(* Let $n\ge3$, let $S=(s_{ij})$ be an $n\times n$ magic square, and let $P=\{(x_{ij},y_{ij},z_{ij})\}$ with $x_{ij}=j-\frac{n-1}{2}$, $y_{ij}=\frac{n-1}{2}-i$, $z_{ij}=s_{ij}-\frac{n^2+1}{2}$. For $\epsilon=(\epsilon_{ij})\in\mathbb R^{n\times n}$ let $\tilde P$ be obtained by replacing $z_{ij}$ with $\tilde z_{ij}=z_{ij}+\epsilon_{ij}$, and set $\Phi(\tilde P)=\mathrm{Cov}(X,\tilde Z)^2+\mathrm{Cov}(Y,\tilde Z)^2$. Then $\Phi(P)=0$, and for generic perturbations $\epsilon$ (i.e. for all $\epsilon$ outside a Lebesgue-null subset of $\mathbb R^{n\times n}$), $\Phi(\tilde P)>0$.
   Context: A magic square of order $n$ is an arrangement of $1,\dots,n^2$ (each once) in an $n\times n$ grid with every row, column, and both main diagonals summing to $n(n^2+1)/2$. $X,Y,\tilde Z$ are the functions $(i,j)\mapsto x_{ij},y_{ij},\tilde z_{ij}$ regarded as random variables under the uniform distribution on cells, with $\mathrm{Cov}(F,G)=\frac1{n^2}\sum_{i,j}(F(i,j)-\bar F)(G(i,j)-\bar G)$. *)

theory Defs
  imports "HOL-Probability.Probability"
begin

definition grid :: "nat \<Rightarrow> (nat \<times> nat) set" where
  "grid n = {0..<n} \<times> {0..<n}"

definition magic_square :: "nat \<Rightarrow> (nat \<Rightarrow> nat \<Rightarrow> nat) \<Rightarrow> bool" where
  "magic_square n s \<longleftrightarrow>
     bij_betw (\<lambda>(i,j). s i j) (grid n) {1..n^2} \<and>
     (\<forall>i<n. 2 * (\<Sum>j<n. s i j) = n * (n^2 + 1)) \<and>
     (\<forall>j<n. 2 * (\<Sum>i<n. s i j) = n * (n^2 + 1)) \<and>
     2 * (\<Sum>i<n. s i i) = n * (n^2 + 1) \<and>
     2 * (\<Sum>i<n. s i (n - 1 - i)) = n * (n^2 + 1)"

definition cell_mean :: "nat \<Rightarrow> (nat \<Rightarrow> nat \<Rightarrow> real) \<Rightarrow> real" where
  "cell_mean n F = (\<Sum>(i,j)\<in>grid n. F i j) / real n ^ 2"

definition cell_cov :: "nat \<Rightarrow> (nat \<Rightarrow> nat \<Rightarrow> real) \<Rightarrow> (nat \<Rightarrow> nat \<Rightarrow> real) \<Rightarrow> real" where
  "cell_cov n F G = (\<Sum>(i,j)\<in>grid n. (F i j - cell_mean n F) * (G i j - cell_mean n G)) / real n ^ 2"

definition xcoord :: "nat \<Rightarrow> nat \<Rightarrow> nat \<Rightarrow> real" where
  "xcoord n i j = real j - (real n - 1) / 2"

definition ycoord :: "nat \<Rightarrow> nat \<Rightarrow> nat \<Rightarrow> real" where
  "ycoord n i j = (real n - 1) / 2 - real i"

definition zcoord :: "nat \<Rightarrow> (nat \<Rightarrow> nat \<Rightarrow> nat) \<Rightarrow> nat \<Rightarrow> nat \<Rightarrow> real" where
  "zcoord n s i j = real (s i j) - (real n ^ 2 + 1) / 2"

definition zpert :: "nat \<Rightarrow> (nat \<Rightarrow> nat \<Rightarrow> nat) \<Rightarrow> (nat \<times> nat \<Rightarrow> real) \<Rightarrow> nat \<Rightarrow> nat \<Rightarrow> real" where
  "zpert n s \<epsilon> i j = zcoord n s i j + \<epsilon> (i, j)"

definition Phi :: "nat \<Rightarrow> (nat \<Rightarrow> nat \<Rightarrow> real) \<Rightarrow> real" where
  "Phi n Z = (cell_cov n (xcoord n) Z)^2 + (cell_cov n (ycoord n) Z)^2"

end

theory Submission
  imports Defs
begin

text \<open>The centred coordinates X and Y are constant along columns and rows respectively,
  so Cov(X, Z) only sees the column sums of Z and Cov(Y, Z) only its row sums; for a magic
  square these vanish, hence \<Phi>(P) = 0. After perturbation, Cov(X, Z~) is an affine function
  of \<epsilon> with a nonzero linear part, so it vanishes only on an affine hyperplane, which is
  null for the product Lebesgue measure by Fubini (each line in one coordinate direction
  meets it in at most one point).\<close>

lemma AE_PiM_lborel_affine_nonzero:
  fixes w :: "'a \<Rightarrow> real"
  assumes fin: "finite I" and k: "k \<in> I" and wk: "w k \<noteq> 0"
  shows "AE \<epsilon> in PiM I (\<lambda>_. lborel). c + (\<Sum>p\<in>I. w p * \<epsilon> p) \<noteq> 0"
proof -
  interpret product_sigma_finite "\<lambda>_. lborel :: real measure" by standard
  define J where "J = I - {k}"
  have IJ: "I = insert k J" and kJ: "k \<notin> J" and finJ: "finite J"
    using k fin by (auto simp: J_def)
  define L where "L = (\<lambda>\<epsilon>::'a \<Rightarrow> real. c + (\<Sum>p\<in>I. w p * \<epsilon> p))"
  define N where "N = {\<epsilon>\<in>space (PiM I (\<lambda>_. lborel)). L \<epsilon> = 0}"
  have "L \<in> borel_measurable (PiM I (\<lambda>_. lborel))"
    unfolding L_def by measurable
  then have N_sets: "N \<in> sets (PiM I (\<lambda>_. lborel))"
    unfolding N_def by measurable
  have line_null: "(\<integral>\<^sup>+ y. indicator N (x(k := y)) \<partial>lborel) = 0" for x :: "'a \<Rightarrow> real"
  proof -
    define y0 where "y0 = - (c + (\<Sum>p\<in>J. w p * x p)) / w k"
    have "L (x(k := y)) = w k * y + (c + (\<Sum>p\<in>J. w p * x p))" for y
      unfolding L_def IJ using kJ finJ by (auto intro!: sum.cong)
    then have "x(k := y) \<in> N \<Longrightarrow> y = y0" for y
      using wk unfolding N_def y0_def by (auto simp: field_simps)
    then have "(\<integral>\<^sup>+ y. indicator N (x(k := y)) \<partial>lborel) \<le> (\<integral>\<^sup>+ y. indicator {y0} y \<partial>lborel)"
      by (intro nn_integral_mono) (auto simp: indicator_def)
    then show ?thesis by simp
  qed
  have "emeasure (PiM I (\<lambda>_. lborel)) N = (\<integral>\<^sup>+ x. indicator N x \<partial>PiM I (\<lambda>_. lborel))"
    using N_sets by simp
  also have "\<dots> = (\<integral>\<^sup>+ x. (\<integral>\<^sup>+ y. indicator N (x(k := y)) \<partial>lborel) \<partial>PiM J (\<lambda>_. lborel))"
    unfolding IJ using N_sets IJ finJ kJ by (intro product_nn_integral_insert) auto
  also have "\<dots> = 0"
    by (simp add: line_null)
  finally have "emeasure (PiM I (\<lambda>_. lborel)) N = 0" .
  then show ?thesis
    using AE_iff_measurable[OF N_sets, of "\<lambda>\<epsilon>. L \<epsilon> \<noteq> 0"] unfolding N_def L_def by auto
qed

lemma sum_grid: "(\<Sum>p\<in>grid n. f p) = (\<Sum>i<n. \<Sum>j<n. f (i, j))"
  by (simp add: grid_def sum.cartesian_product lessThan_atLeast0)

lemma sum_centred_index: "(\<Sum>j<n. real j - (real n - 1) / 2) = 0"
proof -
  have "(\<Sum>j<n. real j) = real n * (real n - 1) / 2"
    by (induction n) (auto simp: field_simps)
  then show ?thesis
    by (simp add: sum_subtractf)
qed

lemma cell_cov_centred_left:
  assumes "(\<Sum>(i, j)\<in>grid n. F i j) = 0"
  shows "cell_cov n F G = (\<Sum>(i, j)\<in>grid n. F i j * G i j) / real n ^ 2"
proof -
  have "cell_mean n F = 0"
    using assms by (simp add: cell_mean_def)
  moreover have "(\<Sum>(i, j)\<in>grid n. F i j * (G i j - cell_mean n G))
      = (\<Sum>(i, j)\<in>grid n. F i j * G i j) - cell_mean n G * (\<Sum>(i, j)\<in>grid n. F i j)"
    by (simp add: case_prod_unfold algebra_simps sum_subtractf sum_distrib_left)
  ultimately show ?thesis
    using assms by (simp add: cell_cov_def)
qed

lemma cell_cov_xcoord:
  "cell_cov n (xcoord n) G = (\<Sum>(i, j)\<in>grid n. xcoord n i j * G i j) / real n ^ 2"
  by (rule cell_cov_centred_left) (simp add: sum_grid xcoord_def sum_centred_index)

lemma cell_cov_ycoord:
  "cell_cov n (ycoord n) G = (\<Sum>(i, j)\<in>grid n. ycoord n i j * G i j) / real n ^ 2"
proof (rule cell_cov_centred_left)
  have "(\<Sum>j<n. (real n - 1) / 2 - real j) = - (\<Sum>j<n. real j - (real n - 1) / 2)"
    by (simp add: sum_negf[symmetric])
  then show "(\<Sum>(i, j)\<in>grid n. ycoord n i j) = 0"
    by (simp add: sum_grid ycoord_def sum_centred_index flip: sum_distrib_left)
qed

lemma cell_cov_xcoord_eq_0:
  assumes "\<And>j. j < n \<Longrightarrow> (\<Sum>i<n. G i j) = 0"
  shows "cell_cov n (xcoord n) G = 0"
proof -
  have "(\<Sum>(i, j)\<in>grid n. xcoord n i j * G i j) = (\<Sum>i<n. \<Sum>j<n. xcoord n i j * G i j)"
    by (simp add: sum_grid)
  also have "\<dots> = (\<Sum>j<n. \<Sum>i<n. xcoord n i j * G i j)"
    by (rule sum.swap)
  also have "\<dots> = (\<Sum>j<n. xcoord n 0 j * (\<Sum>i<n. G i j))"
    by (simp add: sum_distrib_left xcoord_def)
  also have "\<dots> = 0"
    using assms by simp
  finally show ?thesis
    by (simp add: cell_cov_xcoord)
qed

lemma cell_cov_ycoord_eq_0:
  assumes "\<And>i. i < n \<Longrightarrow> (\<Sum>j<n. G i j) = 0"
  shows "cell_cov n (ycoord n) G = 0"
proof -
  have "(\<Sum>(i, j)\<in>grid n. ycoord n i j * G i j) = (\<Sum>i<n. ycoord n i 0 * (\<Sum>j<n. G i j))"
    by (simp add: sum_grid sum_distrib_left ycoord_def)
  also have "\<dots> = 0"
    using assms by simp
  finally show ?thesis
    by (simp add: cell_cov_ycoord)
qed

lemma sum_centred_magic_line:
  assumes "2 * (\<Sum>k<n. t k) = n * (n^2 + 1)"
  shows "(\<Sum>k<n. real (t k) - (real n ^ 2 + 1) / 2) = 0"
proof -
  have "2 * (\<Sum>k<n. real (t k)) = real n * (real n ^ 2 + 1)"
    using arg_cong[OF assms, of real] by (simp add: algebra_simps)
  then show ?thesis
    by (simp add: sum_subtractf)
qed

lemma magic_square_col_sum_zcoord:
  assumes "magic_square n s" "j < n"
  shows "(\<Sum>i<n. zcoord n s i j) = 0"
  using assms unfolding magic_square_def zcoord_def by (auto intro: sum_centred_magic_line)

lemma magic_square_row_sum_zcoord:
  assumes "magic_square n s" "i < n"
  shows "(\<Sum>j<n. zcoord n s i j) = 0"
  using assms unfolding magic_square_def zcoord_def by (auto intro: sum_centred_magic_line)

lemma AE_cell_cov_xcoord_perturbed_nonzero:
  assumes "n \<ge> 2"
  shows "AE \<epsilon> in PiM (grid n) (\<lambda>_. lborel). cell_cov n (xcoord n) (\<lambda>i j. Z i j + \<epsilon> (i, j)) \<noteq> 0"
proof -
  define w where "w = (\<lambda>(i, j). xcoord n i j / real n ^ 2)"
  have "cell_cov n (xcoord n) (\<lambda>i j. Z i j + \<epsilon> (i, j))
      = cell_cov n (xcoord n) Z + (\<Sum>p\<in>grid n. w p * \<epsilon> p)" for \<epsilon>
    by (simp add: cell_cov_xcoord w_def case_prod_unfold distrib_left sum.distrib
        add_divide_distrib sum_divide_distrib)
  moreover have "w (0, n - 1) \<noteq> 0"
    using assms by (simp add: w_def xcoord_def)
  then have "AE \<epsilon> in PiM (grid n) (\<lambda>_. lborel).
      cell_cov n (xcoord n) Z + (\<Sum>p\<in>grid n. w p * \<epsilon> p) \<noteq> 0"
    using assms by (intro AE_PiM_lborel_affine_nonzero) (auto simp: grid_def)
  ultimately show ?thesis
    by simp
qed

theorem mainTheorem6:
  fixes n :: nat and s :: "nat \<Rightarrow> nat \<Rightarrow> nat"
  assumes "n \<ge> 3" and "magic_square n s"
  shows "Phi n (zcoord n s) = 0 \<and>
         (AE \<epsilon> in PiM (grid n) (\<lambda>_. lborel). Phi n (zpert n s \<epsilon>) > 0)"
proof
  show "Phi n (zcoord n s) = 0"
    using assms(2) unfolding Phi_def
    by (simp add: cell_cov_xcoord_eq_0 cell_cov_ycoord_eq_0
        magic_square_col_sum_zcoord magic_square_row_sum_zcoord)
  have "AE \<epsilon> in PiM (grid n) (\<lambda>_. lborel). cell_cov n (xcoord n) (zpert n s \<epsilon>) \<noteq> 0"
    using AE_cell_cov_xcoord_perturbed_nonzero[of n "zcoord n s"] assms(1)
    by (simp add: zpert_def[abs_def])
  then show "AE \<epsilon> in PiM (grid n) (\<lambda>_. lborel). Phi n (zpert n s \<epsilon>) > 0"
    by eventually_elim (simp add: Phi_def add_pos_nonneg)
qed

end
------------
Please set down again, word for word, only the lines from the start of the entries through the line with "G = (\<Sum>(i,j)\<in>grid", both ends included.

▶ Written answer:
(* Let $n\ge3$, let $S=(s_{ij})$ be an $n\times n$ magic square, and let $P=\{(x_{ij},y_{ij},z_{ij})\}$ with $x_{ij}=j-\frac{n-1}{2}$, $y_{ij}=\frac{n-1}{2}-i$, $z_{ij}=s_{ij}-\frac{n^2+1}{2}$. For $\epsilon=(\epsilon_{ij})\in\mathbb R^{n\times n}$ let $\tilde P$ be obtained by replacing $z_{ij}$ with $\tilde z_{ij}=z_{ij}+\epsilon_{ij}$, and set $\Phi(\tilde P)=\mathrm{Cov}(X,\tilde Z)^2+\mathrm{Cov}(Y,\tilde Z)^2$. Then $\Phi(P)=0$, and for generic perturbations $\epsilon$ (i.e. for all $\epsilon$ outside a Lebesgue-null subset of $\mathbb R^{n\times n}$), $\Phi(\tilde P)>0$.
   Context: A magic square of order $n$ is an arrangement of $1,\dots,n^2$ (each once) in an $n\times n$ grid with every row, column, and both main diagonals summing to $n(n^2+1)/2$. $X,Y,\tilde Z$ are the functions $(i,j)\mapsto x_{ij},y_{ij},\tilde z_{ij}$ regarded as random variables under the uniform distribution on cells, with $\mathrm{Cov}(F,G)=\frac1{n^2}\sum_{i,j}(F(i,j)-\bar F)(G(i,j)-\bar G)$. *)

theory Defs
  imports "HOL-Probability.Probability"
begin

definition grid :: "nat \<Rightarrow> (nat \<times> nat) set" where
  "grid n = {0..<n} \<times> {0..<n}"

definition magic_square :: "nat \<Rightarrow> (nat \<Rightarrow> nat \<Rightarrow> nat) \<Rightarrow> bool" where
  "magic_square n s \<longleftrightarrow>
     bij_betw (\<lambda>(i,j). s i j) (grid n) {1..n^2} \<and>
     (\<forall>i<n. 2 * (\<Sum>j<n. s i j) = n * (n^2 + 1)) \<and>
     (\<forall>j<n. 2 * (\<Sum>i<n. s i j) = n * (n^2 + 1)) \<and>
     2 * (\<Sum>i<n. s i i) = n * (n^2 + 1) \<and>
     2 * (\<Sum>i<n. s i (n - 1 - i)) = n * (n^2 + 1)"

definition cell_mean :: "nat \<Rightarrow> (nat \<Rightarrow> nat \<Rightarrow> real) \<Rightarrow> real" where
  "cell_mean n F = (\<Sum>(i,j)\<in>grid n. F i j) / real n ^ 2"

definition cell_cov :: "nat \<Rightarrow> (nat \<Rightarrow> nat \<Rightarrow> real) \<Rightarrow> (nat \<Rightarrow> nat \<Rightarrow> real) \<Rightarrow> real" where
  "cell_cov n F G = (\<Sum>(i,j)\<in>grid n. (F i j - cell_mean n F) * (G i j - cell_mean n G)) / real n ^ 2"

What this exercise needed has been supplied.